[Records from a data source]
(* Let $V=\{t_0^2t_2=t_1^2t_3\}\setminus\{t_0=t_1=0\}\subseteq\mathbb P^3_{\mathbb Q}$ and $c_{V,\mathbb Q}=c_{\mathbb P^1,\mathbb Q}(Z_{\mathbb Q}(\mathbb P^1,3)+1)$. Then as $B\to\infty$, $$\#\{(\mathbf x,\mathbf y)\in V(\mathbb Q)^2: H_{\mathbb Q}(\mathbf x)H_{\mathbb Q}(\mathbf y)\le B\}\sim 2c_{V,\mathbb Q}^2\,B^2\log B .$$
   Context: $H_{\mathbb Q}(x_0:\dots:x_3)=\max_i|x_i|$ for coprime integers $x_i$. $Z_{\mathbb Q}(\mathbb P^1,s)=\sum_{\mathbf x\in\mathbb P^1(\mathbb Q)}H_{\mathbb Q}(\mathbf x)^{-s}$, and $c_{\mathbb P^1,\mathbb Q}=\frac{2}{\zeta(2)}$ is the constant with $\#\{\mathbf x\in\mathbb P^1(\mathbb Q):H_{\mathbb Q}(\mathbf x)\le B\}\sim c_{\mathbb P^1,\mathbb Q}B^2$. *)

theory Defs
  imports "HOL-Analysis.Analysis" "HOL-Library.Landau_Symbols"
begin

type_synonym vec4 = "int \<times> int \<times> int \<times> int"

(* Projective points are represented as the set {v, -v} of the two primitive
   integer representatives. *)

definition neg4 :: "vec4 \<Rightarrow> vec4" where
  "neg4 v = (case v of (a,b,c,d) \<Rightarrow> (-a,-b,-c,-d))"

definition primitive4 :: "vec4 \<Rightarrow> bool" where
  "primitive4 v = (case v of (a,b,c,d) \<Rightarrow> Gcd {a,b,c,d} = (1::int))"

definition hgt4 :: "vec4 \<Rightarrow> real" where
  "hgt4 v = (case v of (a,b,c,d) \<Rightarrow> real_of_int (max (max \<bar>a\<bar> \<bar>b\<bar>) (max \<bar>c\<bar> \<bar>d\<bar>)))"

definition H3 :: "vec4 set \<Rightarrow> real" where
  "H3 P = Max (hgt4 ` P)"

definition V_Q :: "vec4 set set" where
  "V_Q = {{v, neg4 v} | v. primitive4 v \<and>
     (case v of (x0,x1,x2,x3) \<Rightarrow> x0^2 * x2 = x1^2 * x3 \<and> \<not> (x0 = 0 \<and> x1 = 0))}"

definition P1_Q :: "(int \<times> int) set set" where
  "P1_Q = {{(a,b), (-a,-b)} | a b. coprime a b}"

definition H1 :: "(int \<times> int) set \<Rightarrow> real" where
  "H1 P = Max ((\<lambda>(a,b). real_of_int (max \<bar>a\<bar> \<bar>b\<bar>)) ` P)"

definition Z_P1 :: "real \<Rightarrow> real" where
  "Z_P1 s = infsum (\<lambda>P. H1 P powr (-s)) P1_Q"

definition zeta2 :: real where
  "zeta2 = (\<Sum>n. 1 / (real (Suc n))^2)"

definition c_P1 :: real where
  "c_P1 = 2 / zeta2"

definition c_V :: real where
  "c_V = c_P1 * (Z_P1 3 + 1)"

definition count_pairs :: "real \<Rightarrow> nat" where
  "count_pairs B = card {(P, Q). P \<in> V_Q \<and> Q \<in> V_Q \<and> H3 P * H3 Q \<le> B}"

end

(*
  Every point of V(Q) has a unique representative (g a, g b, u b^2, u a^2) with a, b coprime,
  g >= 1 and g, u coprime, and its height is max (g h, |u| h^2) where h = max (|a|, |b|).
  For fixed (a, b) the admissible (g, u) are coprime pairs in a box, counted by Moebius
  inversion, so the number of points of V(Q) of height at most n is asymptotic to c_V n^2:
  the points with u = 0 give the summand c_P1 n^2, the others c_P1 Z(P^1, 3) n^2.

  For any set whose counting function A(n) is asymptotic to c n^2, the pairs with product of
  heights at most N number sum_k a_k A(N div k). Abel summation gives
  sum_(k <= N) a_k / k^2 ~ 2 c log N, so replacing A(N div k) by c (N / k)^2 yields
  2 c^2 N^2 log N, and the error of this replacement is small compared to the main term.
*)
theory Submission
  imports Defs "HOL-Computational_Algebra.Squarefree" "HOL-Real_Asymp.Real_Asymp"
begin

section \<open>Pairs of points whose heights have bounded product\<close>

lemma summation_by_parts_nat:
  fixes a g :: "nat \<Rightarrow> real"
  shows "(\<Sum>k=1..N. a k * g k) =
           (\<Sum>j=1..N. a j) * g N + (\<Sum>k<N. (\<Sum>j=1..k. a j) * (g k - g (Suc k)))"
  by (induction N) (simp_all add: algebra_simps)

lemma tendsto_sum_ratio:
  fixes t u :: "nat \<Rightarrow> real"
  assumes u: "\<And>k. u k > 0" and lim: "(\<lambda>k. t k / u k) \<longlonglongrightarrow> L"
    and diverge: "filterlim (\<lambda>N. \<Sum>k<N. u k) at_top sequentially"
  shows "(\<lambda>N. (\<Sum>k<N. t k) / (\<Sum>k<N. u k)) \<longlonglongrightarrow> L"
proof (rule LIMSEQ_I)
  fix r :: real assume r: "r > 0"
  obtain K where K: "\<And>k. k \<ge> K \<Longrightarrow> \<bar>t k / u k - L\<bar> < r/2"
    using lim r unfolding lim_sequentially dist_real_def by (meson half_gt_zero)
  have tail: "\<bar>t k - L * u k\<bar> \<le> r/2 * u k" if "k \<ge> K" for k
  proof -
    have "\<bar>t k - L * u k\<bar> = \<bar>t k / u k - L\<bar> * u k"
      using u[of k] by (simp add: field_simps abs_mult)
    also have "\<dots> \<le> r/2 * u k" using K[OF that] u[of k] by (intro mult_right_mono) auto
    finally show ?thesis .
  qed
  define C where "C = (\<Sum>k<K. \<bar>t k - L * u k\<bar>)"
  have "C \<ge> 0" unfolding C_def by (intro sum_nonneg) auto
  obtain N0 where N0: "\<And>N. N \<ge> N0 \<Longrightarrow> (\<Sum>k<N. u k) > 2 * C / r"
    using diverge unfolding filterlim_at_top_dense eventually_sequentially by blast
  show "\<exists>N0. \<forall>N\<ge>N0. norm ((\<Sum>k<N. t k) / (\<Sum>k<N. u k) - L) < r"
  proof (intro exI allI impI)
    fix N assume N: "N \<ge> max N0 K"
    define U where "U = (\<Sum>k<N. u k)"
    have "2 * C / r < U" using N0[of N] N by (simp add: U_def)
    with r \<open>C \<ge> 0\<close> have U: "U > 0" "C < r/2 * U"
      by (auto simp: field_simps intro: le_less_trans[of 0 "2 * C / r"])
    have "{..<N} = {..<K} \<union> {K..<N}" using N by auto
    then have "\<bar>(\<Sum>k<N. t k) - L * U\<bar> \<le> C + (\<Sum>k\<in>{K..<N}. \<bar>t k - L * u k\<bar>)"
      unfolding C_def U_def sum_distrib_left sum_subtractf[symmetric]
      by (metis (no_types) sum_abs ivl_disj_int_one(2) finite_lessThan finite_atLeastLessThan
            sum.union_disjoint)
    also have "\<dots> \<le> C + (\<Sum>k<N. r/2 * u k)"
      using tail u r
      by (intro add_left_mono order.trans[OF sum_mono sum_mono2]) (auto intro: less_imp_le)
    also have "\<dots> = C + r/2 * U" by (simp add: U_def sum_distrib_left)
    also have "\<dots> < r * U" using U by simp
    finally have "\<bar>(\<Sum>k<N. t k) - L * U\<bar> / U < r" using U by (simp add: divide_less_eq)
    moreover have "(\<Sum>k<N. t k) / U - L = ((\<Sum>k<N. t k) - L * U) / U" using U by (simp add: field_simps)
    ultimately show "norm ((\<Sum>k<N. t k) / (\<Sum>k<N. u k) - L) < r" using U by (simp add: U_def)
  qed
qed

lemma harm_over_ln_tendsto: "(\<lambda>N. harm N / ln (real N)) \<longlonglongrightarrow> (1::real)"
proof -
  have "(\<lambda>N. (harm N - ln (real N)) * inverse (ln (real N)) + 1) \<longlonglongrightarrow> euler_mascheroni * 0 + (1::real)"
    by (intro tendsto_intros euler_mascheroni_LIMSEQ) real_asymp
  moreover have "\<forall>\<^sub>F N in sequentially. (harm N - ln (real N)) * inverse (ln (real N)) + 1 = harm N / ln (real N)"
    using eventually_gt_at_top[of 1] by eventually_elim (simp add: field_simps)
  ultimately show ?thesis by (simp add: tendsto_cong)
qed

WHAT THE TASK REQUIRES. From the records above, print exactly the lines that run from the line with "obtain K where" to the line with "using u[of k]", inclusive.

SOLUTION BELOW.
  obtain K where K: "\<And>k. k \<ge> K \<Longrightarrow> \<bar>t k / u k - L\<bar> < r/2"
    using lim r unfolding lim_sequentially dist_real_def by (meson half_gt_zero)
  have tail: "\<bar>t k - L * u k\<bar> \<le> r/2 * u k" if "k \<ge> K" for k
  proof -
    have "\<bar>t k - L * u k\<bar> = \<bar>t k / u k - L\<bar> * u k"
      using u[of k] by (simp add: field_simps abs_mult)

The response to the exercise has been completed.